Copy and pasting is often done by inexperienced or student programmers, who find the act of writing code from scratch difficult and prefer to search for a pre-written solution or partial solution they can use as a basis for their own problem solving. The problem in this approach lies with the fact that the inexperienced programmers do not fully understand the pre-written code they are taking. The code often comes from disparate sources such as friends or co-worker's code, Internet forums, code provided by students' professors/TAs and computer science textbooks. The result is invariably a disjointed clash of styles and often has superfluous code that tackles problems for which solutions are no longer required. Bugs can also easily be introduced by assumptions and design choices made in the separate sources that no longer apply when placed in a new environment.

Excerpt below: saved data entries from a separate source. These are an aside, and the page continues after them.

(* For all integers $q\ge1$ and $t\ge1$, $\mathsf{DEL}_{\mathrm{cor}}(q,t)\le \mathsf{INS}_{\mathrm{cor}}(q,t)$.
   Context: Let $[q]=\{0,1,\dots,q-1\}$. For $1\le m\le q$, a partial permutation of length $m$ over $[q]$ is a sequence of $m$ pairwise distinct elements of $[q]$. Let $\mathcal{S}_m^q$ be the set of those of length $m$ and $\mathcal{S}_{\mathrm{all}}^q=\bigcup_{m=1}^{q}\mathcal{S}_m^q$. A code is any subset of $\mathcal{S}_{\mathrm{all}}^q$. Juxtaposition $\omega\pi$ denotes concatenation with $\omega$ on the left. For $\pi=(\pi_1,\dots,\pi_m)$ and integer $j\ge 0$, $\pi_{\downarrow j}=(\pi_{k+1},\dots,\pi_m)$ with $k=\min(j,m-1)$; $\mathcal{B}_{\mathrm{del}}^t(\pi)=\{\pi_{\downarrow j}:0\le j\le t\}$. $\mathcal{B}_{\mathrm{ins}}^t(\pi)$ is the set of all $\omega\pi\in\mathcal{S}_{\mathrm{all}}^q$ with $\omega$ a (possibly empty) sequence of at most $t$ elements of $[q]$. For $X\in\{\mathrm{del},\mathrm{ins}\}$, a code $\mathcal{C}$ is $t$-tail-$X$-correcting if $\mathcal{B}_X^t(\pi_1)\cap\mathcal{B}_X^t(\pi_2)=\emptyset$ for all distinct $\pi_1,\pi_2\in\mathcal{C}$. $\mathsf{DEL}_{\mathrm{cor}}(q,t)$ and $\mathsf{INS}_{\mathrm{cor}}(q,t)$ denote the maximum sizes of $t$-tail-deletion-correcting and $t$-tail-insertion-correcting codes in $\mathcal{S}_{\mathrm{all}}^q$. *)

theory Defs
  imports Main
begin

definition S_all :: "nat \<Rightarrow> nat list set" where
  "S_all q = {p. distinct p \<and> set p \<subseteq> {..<q} \<and> 1 \<le> length p \<and> length p \<le> q}"

definition tail_del :: "nat list \<Rightarrow> nat \<Rightarrow> nat list" where
  "tail_del p j = drop (min j (length p - 1)) p"

definition B_del :: "nat \<Rightarrow> nat list \<Rightarrow> nat list set" where
  "B_del t p = {tail_del p j | j. j \<le> t}"

definition B_ins :: "nat \<Rightarrow> nat \<Rightarrow> nat list \<Rightarrow> nat list set" where
  "B_ins q t p = {w @ p | w. length w \<le> t \<and> set w \<subseteq> {..<q} \<and> w @ p \<in> S_all q}"

definition del_correcting :: "nat \<Rightarrow> nat \<Rightarrow> nat list set \<Rightarrow> bool" where
  "del_correcting q t C \<longleftrightarrow> C \<subseteq> S_all q \<and>
     (\<forall>p1\<in>C. \<forall>p2\<in>C. p1 \<noteq> p2 \<longrightarrow> B_del t p1 \<inter> B_del t p2 = {})"

definition ins_correcting :: "nat \<Rightarrow> nat \<Rightarrow> nat list set \<Rightarrow> bool" where
  "ins_correcting q t C \<longleftrightarrow> C \<subseteq> S_all q \<and>
     (\<forall>p1\<in>C. \<forall>p2\<in>C. p1 \<noteq> p2 \<longrightarrow> B_ins q t p1 \<inter> B_ins q t p2 = {})"

definition DEL_cor :: "nat \<Rightarrow> nat \<Rightarrow> nat" where
  "DEL_cor q t = Max {card C | C. del_correcting q t C}"

definition INS_cor :: "nat \<Rightarrow> nat \<Rightarrow> nat" where
  "INS_cor q t = Max {card C | C. ins_correcting q t C}"

end

theory Submission
  imports Defs
begin

text \<open>If two codewords receive a common word under at most t tail insertions each, the shorter
  one is obtained from the longer by deleting at most t leading symbols, so their deletion
  balls meet. Hence every t-tail-deletion-correcting code is t-tail-insertion-correcting,
  for all q and t.\<close>

lemma self_in_B_del: "p \<in> B_del t p"
  unfolding B_del_def tail_del_def by (auto intro!: exI[of _ 0])

lemma drop_in_B_del:
  assumes "k \<le> t" and "k < length p"
  shows "drop k p \<in> B_del t p"
  using assms unfolding B_del_def tail_del_def by (auto intro!: exI[of _ k] simp: min_def)

lemma shorter_tail_in_B_del:
  assumes "w1 @ p1 = w2 @ p2" and "length w1 \<le> t"
    and "length p1 \<le> length p2" and "p1 \<noteq> []"
  shows "p1 \<in> B_del t p2"
proof -
  define k where "k = length p2 - length p1"
  have "length w1 = length w2 + k"
    using arg_cong[OF assms(1), of length] assms(3) by (simp add: k_def)
  then have "p1 = drop k p2"
    using arg_cong[OF assms(1), of "drop (length w1)"] by simp
  moreover have "k < length p2"
    using assms(3,4) by (cases p1) (auto simp: k_def)
  ultimately show ?thesis
    using drop_in_B_del \<open>length w1 = length w2 + k\<close> assms(2) by simp
qed

lemma B_ins_disjoint_if_B_del_disjoint:
  assumes "p1 \<in> S_all q" and "p2 \<in> S_all q"
    and "B_del t p1 \<inter> B_del t p2 = {}"
  shows "B_ins q t p1 \<inter> B_ins q t p2 = {}"
proof (rule ccontr)
  assume "B_ins q t p1 \<inter> B_ins q t p2 \<noteq> {}"
  then obtain w1 w2 where w: "w1 @ p1 = w2 @ p2" "length w1 \<le> t" "length w2 \<le> t"
    unfolding B_ins_def by auto
  have "p1 \<noteq> []" "p2 \<noteq> []"
    using assms(1,2) by (auto simp: S_all_def)
  then have "p1 \<in> B_del t p2 \<or> p2 \<in> B_del t p1"
    using shorter_tail_in_B_del[OF w(1,2)] shorter_tail_in_B_del[OF w(1)[symmetric] w(3)]
    by (cases "length p1 \<le> length p2") auto
  then show False
    using assms(3) self_in_B_del by blast
qed

lemma del_correcting_imp_ins_correcting:
  "del_correcting q t C \<Longrightarrow> ins_correcting q t C"
  unfolding del_correcting_def ins_correcting_def
  using B_ins_disjoint_if_B_del_disjoint by blast

lemma finite_S_all: "finite (S_all q)"
proof -
  have "S_all q \<subseteq> {xs. set xs \<subseteq> {..<q} \<and> length xs \<le> q}"
    by (auto simp: S_all_def)
  then show ?thesis
    using finite_lists_length_le finite_subset by blast
qed

theorem mainTheorem5:
  fixes q t :: nat
  assumes "q \<ge> 1" and "t \<ge> 1"
  shows "DEL_cor q t \<le> INS_cor q t"
proof -
  have sub: "{card C | C. del_correcting q t C} \<subseteq> {card C | C. ins_correcting q t C}"
    using del_correcting_imp_ins_correcting by blast
  have nonempty: "{card C | C. del_correcting q t C} \<noteq> {}"
    by (auto simp: del_correcting_def intro!: exI[of _ "{}"])
  have "{card C | C. ins_correcting q t C} \<subseteq> card ` Pow (S_all q)"
    by (auto simp: ins_correcting_def)
  then have fin: "finite {card C | C. ins_correcting q t C}"
    using finite_S_all finite_subset by blast
  show ?thesis
    unfolding DEL_cor_def INS_cor_def using Max_mono[OF sub nonempty fin] .
qed

end
lemma power2_mult_exp_neg_le: "0 \<le> (u::real) \<Longrightarrow> u\<^sup>2 * exp (- u) \<le> 16 * exp (- u / 2)"
proof -
  assume u: "0 \<le> u"
  have "u / 4 \<le> exp (u / 4)" using exp_ge_add_one_self[of "u/4"] by linarith
  then have "(u / 4)\<^sup>2 \<le> (exp (u / 4))\<^sup>2" using u by (intro power_mono) auto
  also have "(exp (u / 4))\<^sup>2 = exp (u / 2)" by (simp add: power2_eq_square exp_add[symmetric])
  finally have "u\<^sup>2 \<le> 16 * exp (u / 2)" by (simp add: power_divide)
  then have "u\<^sup>2 * exp (- u) \<le> 16 * exp (u / 2) * exp (- u)" by (intro mult_right_mono) auto
  also have "\<dots> = 16 * exp (- u / 2)" by (simp add: mult.assoc exp_add[symmetric])
  finally show ?thesis .
qed

lemma set_integral_Ioi_swap:
  fixes x :: "real \<Rightarrow> complex" and E :: "real \<Rightarrow> real \<Rightarrow> complex" and k :: "real \<Rightarrow> real"
  assumes [measurable]: "x \<in> borel_measurable lborel"
      "(\<lambda>(u, t). E u t) \<in> borel_measurable (lborel \<Otimes>\<^sub>M lborel)"
    and x: "set_integrable lborel {0<..} x" and k: "set_integrable lborel {0<..} k"
    and E: "\<And>u t. norm (E u t) \<le> k t"
  shows "(LINT t:{0<..}|lborel. LINT u:{0<..}|lborel. x u * E u t)
       = (LINT u:{0<..}|lborel. x u * (LINT t:{0<..}|lborel. E u t))"
proof -
  define F where "F u t = (indicator {0<..} u *\<^sub>R x u) * (indicator {0<..} t *\<^sub>R E u t)" for u t
  have [measurable]: "(\<lambda>(u, t). F u t) \<in> borel_measurable (lborel \<Otimes>\<^sub>M lborel)"
    unfolding F_def by measurable
  have E_int: "set_integrable lborel {0<..} (E u)" for u
    by (rule set_integrable_bound[OF k])
       (auto simp: set_borel_measurable_def intro: order_trans[OF E abs_ge_self])
  have x_norm_int: "integrable lborel (\<lambda>u. indicator {0<..} u * norm (x u))"
    using integrable_norm[OF x[unfolded set_integrable_def]] by (simp add: abs_mult)
  have "integrable (lborel \<Otimes>\<^sub>M lborel) (\<lambda>(u, t). F u t)"
  proof (rule lborel_pair.Fubini_integrable)
    have "(\<lambda>t. norm (F u t)) =
        (\<lambda>t. (indicator {0<..} u * norm (x u)) * (indicator {0<..} t * norm (E u t)))" for u
      by (auto simp: F_def norm_mult split: split_indicator)
    then have norm_F: "(\<integral>t. norm (F u t) \<partial>lborel)
        = indicator {0<..} u * norm (x u) * (LINT t:{0<..}|lborel. norm (E u t))" for u
      by (simp add: set_lebesgue_integral_def)
    have "(LINT t:{0<..}|lborel. norm (E u t)) \<le> (LINT t:{0<..}|lborel. k t)" for u
      by (rule set_integral_mono[OF set_integrable_norm[OF E_int] k]) (rule E)
    moreover have "0 \<le> (LINT t:{0<..}|lborel. norm (E u t))" for u
      by (simp add: set_lebesgue_integral_def)
    ultimately have bound: "(\<integral>t. norm (F u t) \<partial>lborel)
        \<le> indicator {0<..} u * norm (x u) * (LINT t:{0<..}|lborel. k t)" for u
      unfolding norm_F by (intro mult_left_mono) auto
    have "integrable lborel (\<lambda>u. indicator {0<..} u * norm (x u) * (LINT t:{0<..}|lborel. k t))"
      using x_norm_int by (rule integrable_mult_left)
    then show "integrable lborel (\<lambda>u. \<integral>t. norm (case (u, t) of (u, t) \<Rightarrow> F u t) \<partial>lborel)"
      by (rule Bochner_Integration.integrable_bound)
         (auto intro!: AE_I2 order_trans[OF bound abs_ge_self])
    show "AE u in lborel. integrable lborel (\<lambda>t. case (u, t) of (u, t) \<Rightarrow> F u t)"
      unfolding case_prod_conv F_def
      by (intro AE_I2 integrable_mult_right E_int[unfolded set_integrable_def])
  qed simp
  then have "(\<integral>t. \<integral>u. F u t \<partial>lborel \<partial>lborel) = (\<integral>u. \<integral>t. F u t \<partial>lborel \<partial>lborel)"
    by (rule lborel_pair.Fubini_integral)
  moreover have "(\<integral>u. F u t \<partial>lborel) = indicator {0<..} t *\<^sub>R (LINT u:{0<..}|lborel. x u * E u t)" for t
    by (auto simp: F_def set_lebesgue_integral_def split: split_indicator)
  moreover have "(\<integral>t. F u t \<partial>lborel) = indicator {0<..} u *\<^sub>R (x u * (LINT t:{0<..}|lborel. E u t))" for u
    unfolding F_def integral_mult_right_zero by (simp add: set_lebesgue_integral_def)
  ultimately show ?thesis by (simp add: set_lebesgue_integral_def)
qed

lemma tendsto_set_integral_Ioi_exp_damping:
  fixes g :: "real \<Rightarrow> complex"
  assumes [measurable]: "g \<in> borel_measurable lborel"
    and g: "set_integrable lborel {0<..} g" and e: "e \<longlonglongrightarrow> 0" "\<And>n. 0 \<le> e n"
  shows "(\<lambda>n. LINT t:{0<..}|lborel. g t * of_real (exp (- e n * t))) \<longlonglongrightarrow> (LINT t:{0<..}|lborel. g t)"
  unfolding set_lebesgue_integral_def
proof (rule integral_dominated_convergence[where w = "\<lambda>t. indicator {0<..} t * norm (g t)"])
  show "integrable lborel (\<lambda>t. indicator {0<..} t * norm (g t))"
    using integrable_norm[OF g[unfolded set_integrable_def]] by (simp add: abs_mult)
  have "(\<lambda>n. g t * of_real (exp (- e n * t))) \<longlonglongrightarrow> g t * of_real (exp (- 0 * t))" for t
    by (intro tendsto_intros e)
  then show "AE t in lborel. (\<lambda>n. indicator {0<..} t *\<^sub>R (g t * of_real (exp (- e n * t))))
      \<longlonglongrightarrow> indicator {0<..} t *\<^sub>R g t"
    by (intro AE_I2 tendsto_scaleR tendsto_const) simp
  show "AE t in lborel. norm (indicator {0<..} t *\<^sub>R (g t * of_real (exp (- e n * t))))
      \<le> indicator {0<..} t * norm (g t)" for n
    using e(2)[of n]
    by (intro AE_I2) (auto simp: norm_mult split: split_indicator intro!: mult_left_le)
qed simp_all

Copy and pasting is also done by experienced programmers, who often have their own libraries of well tested, ready-to-use code snippets and generic algorithms that are easily adapted to specific tasks. However, adherents of object oriented methodologies claim that this form of programming is still wrong. Instead of making multiple, mutated copies of a generic algorithm, the algorithm should be written as a reusable class and should be written so flexibly that all new code can be interfaced to use this generic code directly, rather than mutate the original. This way, if the original algorithm has a bug to fix or can be improved, all software using it stands to benefit and the programmer does not need to hunt down each and every instance of the code.
Use of programming idioms and design patterns are distinct from copy and paste programming, as they are expected to be recalled from the programmer's mind, rather than retrieved from a code bank.